Implementation of Graph Node-Feature Convolution for Representation Learning in TensorFlow

Graph Node-Feature Convolution for Representation Learning

Graph convolutional network (GCN) is an emerging neural network approach. It learns new representation of a node by aggregating feature vectors of all neighbors in the aggregation process without considering whether the neighbors or features are useful or not. Recent methods have improved solutions by sampling a fixed size set of neighbors, or assigning different weights to different neighbors in the aggregation process, but features within a feature vector are still treated equally in the aggregation process.

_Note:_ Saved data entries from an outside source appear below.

definition is_left_klinear :: "('o, 'm, 'k::comm_semiring_1) cdstr \<Rightarrow> bool" where
  "is_left_klinear X \<longleftrightarrow> is_category X \<and>
     (\<forall>A\<in>Ob X. \<forall>B\<in>Ob X.
        Zro X A B \<in> Hom X A B \<and>
        (\<forall>f\<in>Hom X A B. \<forall>g\<in>Hom X A B. Add X f g \<in> Hom X A B) \<and>
        (\<forall>r. \<forall>f\<in>Hom X A B. Smul X r f \<in> Hom X A B) \<and>
        (\<forall>f\<in>Hom X A B. \<forall>g\<in>Hom X A B. \<forall>h\<in>Hom X A B.
            Add X (Add X f g) h = Add X f (Add X g h)) \<and>
        (\<forall>f\<in>Hom X A B. \<forall>g\<in>Hom X A B. Add X f g = Add X g f) \<and>
        (\<forall>f\<in>Hom X A B. Add X f (Zro X A B) = f) \<and>
        (\<forall>r. \<forall>f\<in>Hom X A B. \<forall>g\<in>Hom X A B.
            Smul X r (Add X f g) = Add X (Smul X r f) (Smul X r g)) \<and>
        (\<forall>r s. \<forall>f\<in>Hom X A B. Smul X (r + s) f = Add X (Smul X r f) (Smul X s f)) \<and>
        (\<forall>r s. \<forall>f\<in>Hom X A B. Smul X (r * s) f = Smul X r (Smul X s f)) \<and>
        (\<forall>f\<in>Hom X A B. Smul X 1 f = f) \<and>
        (\<forall>f\<in>Hom X A B. Smul X 0 f = Zro X A B) \<and>
        (\<forall>r. Smul X r (Zro X A B) = Zro X A B)) \<and>
     (\<forall>A\<in>Ob X. \<forall>B\<in>Ob X. \<forall>C\<in>Ob X. \<forall>f g x r s.
        f \<in> Hom X B C \<longrightarrow> g \<in> Hom X B C \<longrightarrow> x \<in> Hom X A B \<longrightarrow>
        Cmp X A B C (Add X (Smul X r f) (Smul X s g)) x =
        Add X (Smul X r (Cmp X A B C f x)) (Smul X s (Cmp X A B C g x)))"

definition is_klinear_map :: "('o, 'm, 'k::comm_semiring_1) cdstr \<Rightarrow> 'o \<Rightarrow> 'o \<Rightarrow> 'm \<Rightarrow> bool" where
  "is_klinear_map X A B f \<longleftrightarrow>
     (\<forall>C\<in>Ob X. \<forall>x y r s. x \<in> Hom X C A \<longrightarrow> y \<in> Hom X C A \<longrightarrow>
        Cmp X C A B f (Add X (Smul X r x) (Smul X s y)) =
        Add X (Smul X r (Cmp X C A B f x)) (Smul X s (Cmp X C A B f y)))"

definition has_finite_products :: "('o, 'm, 'k) cdstr \<Rightarrow> bool" where
  "has_finite_products X \<longleftrightarrow>
     (\<forall>As. set As \<subseteq> Ob X \<longrightarrow>
        Prd X As \<in> Ob X \<and>
        (\<forall>j < length As. Proj X As j \<in> Hom X (Prd X As) (As ! j)) \<and>
        (\<forall>C\<in>Ob X. \<forall>fs. length fs = length As \<longrightarrow>
            (\<forall>j < length As. fs ! j \<in> Hom X C (As ! j)) \<longrightarrow>
            Tup X C As fs \<in> Hom X C (Prd X As) \<and>
            (\<forall>j < length As. Cmp X C (Prd X As) (As ! j) (Proj X As j) (Tup X C As fs) = fs ! j)) \<and>
        (\<forall>C\<in>Ob X. \<forall>g. g \<in> Hom X C (Prd X As) \<longrightarrow>
            Tup X C As (map (\<lambda>j. Cmp X C (Prd X As) (As ! j) (Proj X As j) g) [0..<length As]) = g))"

definition is_cartesian_left_klinear :: "('o, 'm, 'k::comm_semiring_1) cdstr \<Rightarrow> bool" where
  "is_cartesian_left_klinear X \<longleftrightarrow> is_left_klinear X \<and> has_finite_products X \<and>
     (\<forall>As. set As \<subseteq> Ob X \<longrightarrow>
        (\<forall>j < length As. is_klinear_map X (Prd X As) (As ! j) (Proj X As j)))"

definition is_cartesian_kdiff :: "('o, 'm, 'k::comm_semiring_1) cdstr \<Rightarrow> bool" where
  "is_cartesian_kdiff X \<longleftrightarrow> is_cartesian_left_klinear X \<and>
     (\<forall>A\<in>Ob X. \<forall>B\<in>Ob X. \<forall>f. f \<in> Hom X A B \<longrightarrow>
        Dif X A B f \<in> Hom X (Prd X [A, A]) B) \<and>
     \<comment> \<open>CD.1\<close>
     (\<forall>A\<in>Ob X. \<forall>B\<in>Ob X. \<forall>f g r s. f \<in> Hom X A B \<longrightarrow> g \<in> Hom X A B \<longrightarrow>
        Dif X A B (Add X (Smul X r f) (Smul X s g)) =
        Add X (Smul X r (Dif X A B f)) (Smul X s (Dif X A B g))) \<and>
     \<comment> \<open>CD.2\<close>
     (\<forall>A\<in>Ob X. \<forall>B\<in>Ob X. \<forall>f r s. f \<in> Hom X A B \<longrightarrow>
        (let P3 = Prd X [A, A, A]; P2 = Prd X [A, A]; p = Proj X [A, A, A] in
         Cmp X P3 P2 B (Dif X A B f)
           (Tup X P3 [A, A] [p 0, Add X (Smul X r (p 1)) (Smul X s (p 2))]) =
         Add X (Smul X r (Cmp X P3 P2 B (Dif X A B f) (Tup X P3 [A, A] [p 0, p 1])))
               (Smul X s (Cmp X P3 P2 B (Dif X A B f) (Tup X P3 [A, A] [p 0, p 2]))))) \<and>
     \<comment> \<open>CD.3\<close>
     (\<forall>A\<in>Ob X. Dif X A A (Idm X A) = Proj X [A, A] 1) \<and>
     (\<forall>As. set As \<subseteq> Ob X \<longrightarrow> (\<forall>j < length As.
        (let P = Prd X As in
         Dif X P (As ! j) (Proj X As j) =
         Cmp X (Prd X [P, P]) P (As ! j) (Proj X As j) (Proj X [P, P] 1)))) \<and>
     \<comment> \<open>CD.4\<close>
     (\<forall>A\<in>Ob X. \<forall>Bs fs. set Bs \<subseteq> Ob X \<longrightarrow> length fs = length Bs \<longrightarrow>
        (\<forall>j < length Bs. fs ! j \<in> Hom X A (Bs ! j)) \<longrightarrow>
        Dif X A (Prd X Bs) (Tup X A Bs fs) =
        Tup X (Prd X [A, A]) Bs (map (\<lambda>j. Dif X A (Bs ! j) (fs ! j)) [0..<length Bs])) \<and>
     \<comment> \<open>CD.5\<close>
     (\<forall>A\<in>Ob X. \<forall>B\<in>Ob X. \<forall>C\<in>Ob X. \<forall>f g. f \<in> Hom X A B \<longrightarrow> g \<in> Hom X B C \<longrightarrow>
        Dif X A C (Cmp X A B C g f) =
        Cmp X (Prd X [A, A]) (Prd X [B, B]) C (Dif X B C g)
          (Tup X (Prd X [A, A]) [B, B]
             [Cmp X (Prd X [A, A]) A B f (Proj X [A, A] 0), Dif X A B f])) \<and>
     \<comment> \<open>CD.6\<close>
     (\<forall>A\<in>Ob X. \<forall>B\<in>Ob X. \<forall>f. f \<in> Hom X A B \<longrightarrow>
        (let P2 = Prd X [A, A] in
         Cmp X P2 (Prd X [P2, P2]) B (Dif X P2 B (Dif X A B f))
           (Tup X P2 [P2, P2]
              [Tup X P2 [A, A] [Proj X [A, A] 0, Zro X P2 A],
               Tup X P2 [A, A] [Zro X P2 A, Proj X [A, A] 1]]) =
         Dif X A B f)) \<and>
     \<comment> \<open>CD.7\<close>
     (\<forall>A\<in>Ob X. \<forall>B\<in>Ob X. \<forall>f. f \<in> Hom X A B \<longrightarrow>
        (let P2 = Prd X [A, A]; P4 = Prd X [A, A, A, A]; q = Proj X [A, A, A, A];
             DDf = Dif X P2 B (Dif X A B f) in
         Cmp X P4 (Prd X [P2, P2]) B DDf
           (Tup X P4 [P2, P2] [Tup X P4 [A, A] [q 0, q 1], Tup X P4 [A, A] [q 2, q 3]]) =
         Cmp X P4 (Prd X [P2, P2]) B DDf
           (Tup X P4 [P2, P2] [Tup X P4 [A, A] [q 0, q 2], Tup X P4 [A, A] [q 1, q 3]])))"

definition is_D_linear :: "('o, 'm, 'k) cdstr \<Rightarrow> 'o \<Rightarrow> 'o \<Rightarrow> 'm \<Rightarrow> bool" where
  "is_D_linear X A B f \<longleftrightarrow> Dif X A B f = Cmp X (Prd X [A, A]) A B f (Proj X [A, A] 1)"

definition is_functor :: "('o, 'm, 'k) cdstr \<Rightarrow> ('p, 'n, 'k) cdstr \<Rightarrow>
    ('o \<Rightarrow> 'p) \<Rightarrow> ('o \<Rightarrow> 'o \<Rightarrow> 'm \<Rightarrow> 'n) \<Rightarrow> bool" where
  "is_functor X Y Fo Fm \<longleftrightarrow>
     (\<forall>A\<in>Ob X. Fo A \<in> Ob Y) \<and>
     (\<forall>A\<in>Ob X. \<forall>B\<in>Ob X. \<forall>f. f \<in> Hom X A B \<longrightarrow> Fm A B f \<in> Hom Y (Fo A) (Fo B)) \<and>
     (\<forall>A\<in>Ob X. Fm A A (Idm X A) = Idm Y (Fo A)) \<and>
     (\<forall>A\<in>Ob X. \<forall>B\<in>Ob X. \<forall>C\<in>Ob X. \<forall>f g. f \<in> Hom X A B \<longrightarrow> g \<in> Hom X B C \<longrightarrow>
        Fm A C (Cmp X A B C g f) = Cmp Y (Fo A) (Fo B) (Fo C) (Fm B C g) (Fm A B f))"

In this paper, a new convolution operation is introduced on regular size feature maps constructed from features of a fixed node bandwidth via sampling to get the first-level node representation, which is then passed to a standard GCN to learn the second-level node representation. [1]

Li Zhang , Heda Song, Haiping Lu, 2018, Graph Node-Feature Convolution for Representation Learning

For official implementation, you can visit report

Requirements

  • tensorflow_version 1.x

Training

python train.py

You can also try out in colab if you don't have any requirements!

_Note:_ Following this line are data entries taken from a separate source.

inductive_set box_mor :: "(nat \<times> nat \<times> (bool list \<Rightarrow> bool list)) set" where
  id0: "(0, 0, restr 0 (\<lambda>v. v)) \<in> box_mor"
| id1: "(1, 1, restr 1 (\<lambda>v. v)) \<in> box_mor"
| delta_minus: "(0, 1, restr 0 (\<lambda>v. [False])) \<in> box_mor"
| delta_plus: "(0, 1, restr 0 (\<lambda>v. [True])) \<in> box_mor"
| prod: "(a, b, f) \<in> box_mor \<Longrightarrow> (c, d, g) \<in> box_mor \<Longrightarrow>
     (a + c, b + d, restr (a + c) (\<lambda>v. f (take a v) @ g (drop a v))) \<in> box_mor"
| comp: "(a, b, f) \<in> box_mor \<Longrightarrow> (b, c, g) \<in> box_mor \<Longrightarrow>
     (a, c, restr a (\<lambda>v. g (f v))) \<in> box_mor"

text \<open>A precubical set (functor \<open>\<box>\<^sup>o\<^sup>p \<rightarrow> Set\<close>): sets X_n of n-cells and, for each
morphism (m, n, f), a map act m n f : X_n \<rightarrow> X_m, functorially.\<close>

type_synonym 'c precubical = "(nat \<Rightarrow> 'c set) \<times> (nat \<Rightarrow> nat \<Rightarrow> (bool list \<Rightarrow> bool list) \<Rightarrow> 'c \<Rightarrow> 'c)"

definition precubical_set :: "'c precubical \<Rightarrow> bool" where
  "precubical_set X \<longleftrightarrow>
     (\<forall>m n f. (m, n, f) \<in> box_mor \<longrightarrow> (\<forall>x\<in>fst X n. snd X m n f x \<in> fst X m)) \<and>
     (\<forall>n. \<forall>x\<in>fst X n. snd X n n (restr n (\<lambda>v. v)) x = x) \<and>
     (\<forall>l m n f g. (l, m, f) \<in> box_mor \<longrightarrow> (m, n, g) \<in> box_mor \<longrightarrow>
        (\<forall>x\<in>fst X n. snd X l n (restr l (\<lambda>v. g (f v))) x = snd X l m f (snd X m n g x)))"

text \<open>Points of I^n are functions nat \<Rightarrow> real, extensional outside {..<n}.\<close>
definition cube :: "nat \<Rightarrow> (nat \<Rightarrow> real) topology" where
  "cube n = product_topology (\<lambda>_. top_of_set {0..1::real}) {..<n}"

definition dI :: "real stream" where
  "dI = (top_of_set {0..1}, (\<lambda>V. {(x, y). x \<le> y \<and> {x..y} \<subseteq> V}))"

text \<open>\<open>\<box>\<close>[n] is the n-fold product of \<open>\<box>\<close>[1] in streams: the initial (= largest)
circulation on I^n making all coordinate projections stream maps.\<close>
definition dcube_circ :: "nat \<Rightarrow> (nat \<Rightarrow> real) circ" where
  "dcube_circ n = (SOME C. is_circulation (cube n) C \<and>
      (\<forall>i<n. stream_map (cube n, C) dI (\<lambda>t. t i)) \<and>
      (\<forall>C'. is_circulation (cube n) C' \<and> (\<forall>i<n. stream_map (cube n, C') dI (\<lambda>t. t i)) \<longrightarrow>
           (\<forall>V. openin (cube n) V \<longrightarrow> C' V \<subseteq> C V)))"

definition dcube :: "nat \<Rightarrow> (nat \<Rightarrow> real) stream" where
  "dcube n = (cube n, dcube_circ n)"

text \<open>Linear (multilinear) extension of a vertex map [1]^m \<rightarrow> [1]^n to I^m \<rightarrow> I^n.\<close>
definition lin_ext :: "nat \<Rightarrow> nat \<Rightarrow> (bool list \<Rightarrow> bool list) \<Rightarrow> (nat \<Rightarrow> real) \<Rightarrow> nat \<Rightarrow> real" where
  "lin_ext m n f t = (\<lambda>i. if i < n then
      (\<Sum>v\<in>{v. length v = m}. (\<Prod>j<m. if v ! j then t j else 1 - t j) * (if f v ! i then 1 else 0))
     else undefined)"

type_synonym 'c rpt = "(nat \<times> 'c \<times> (nat \<Rightarrow> real)) set"

definition cells :: "'c precubical \<Rightarrow> (nat \<times> 'c \<times> (nat \<Rightarrow> real)) set" where
  "cells X = {(n, x, t). x \<in> fst X n \<and> t \<in> topspace (cube n)}"

definition coend_gen :: "'c precubical \<Rightarrow> ((nat \<times> 'c \<times> (nat \<Rightarrow> real)) \<times> (nat \<times> 'c \<times> (nat \<Rightarrow> real))) set" where
  "coend_gen X = {((m, snd X m n f x, t), (n, x, lin_ext m n f t)) | m n f x t.
      (m, n, f) \<in> box_mor \<and> x \<in> fst X n \<and> t \<in> topspace (cube m)}"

Note: Since random inits, your training results may not exact the same as reported in the paper!

Data

In order to use your own data, you have to provide

  • an N by N adjacency matrix (N is the number of nodes),
  • an N by D feature matrix (D is the number of features per node), and
  • an N by E binary label matrix (E is the number of classes). [2]

Have a look at the load_data() function in utils.py for an example.

In this example, we load citation network data (Cora, Citeseer or Pubmed). The original datasets can be found here: http://www.cs.umd.edu/~sen/lbc-proj/LBC.html. In our version (see data folder) we use dataset splits provided by https://github.com/kimiyoung/planetoid (Zhilin Yang, William W. Cohen, Ruslan Salakhutdinov, Revisiting Semi-Supervised Learning with Graph Embeddings, ICML 2016).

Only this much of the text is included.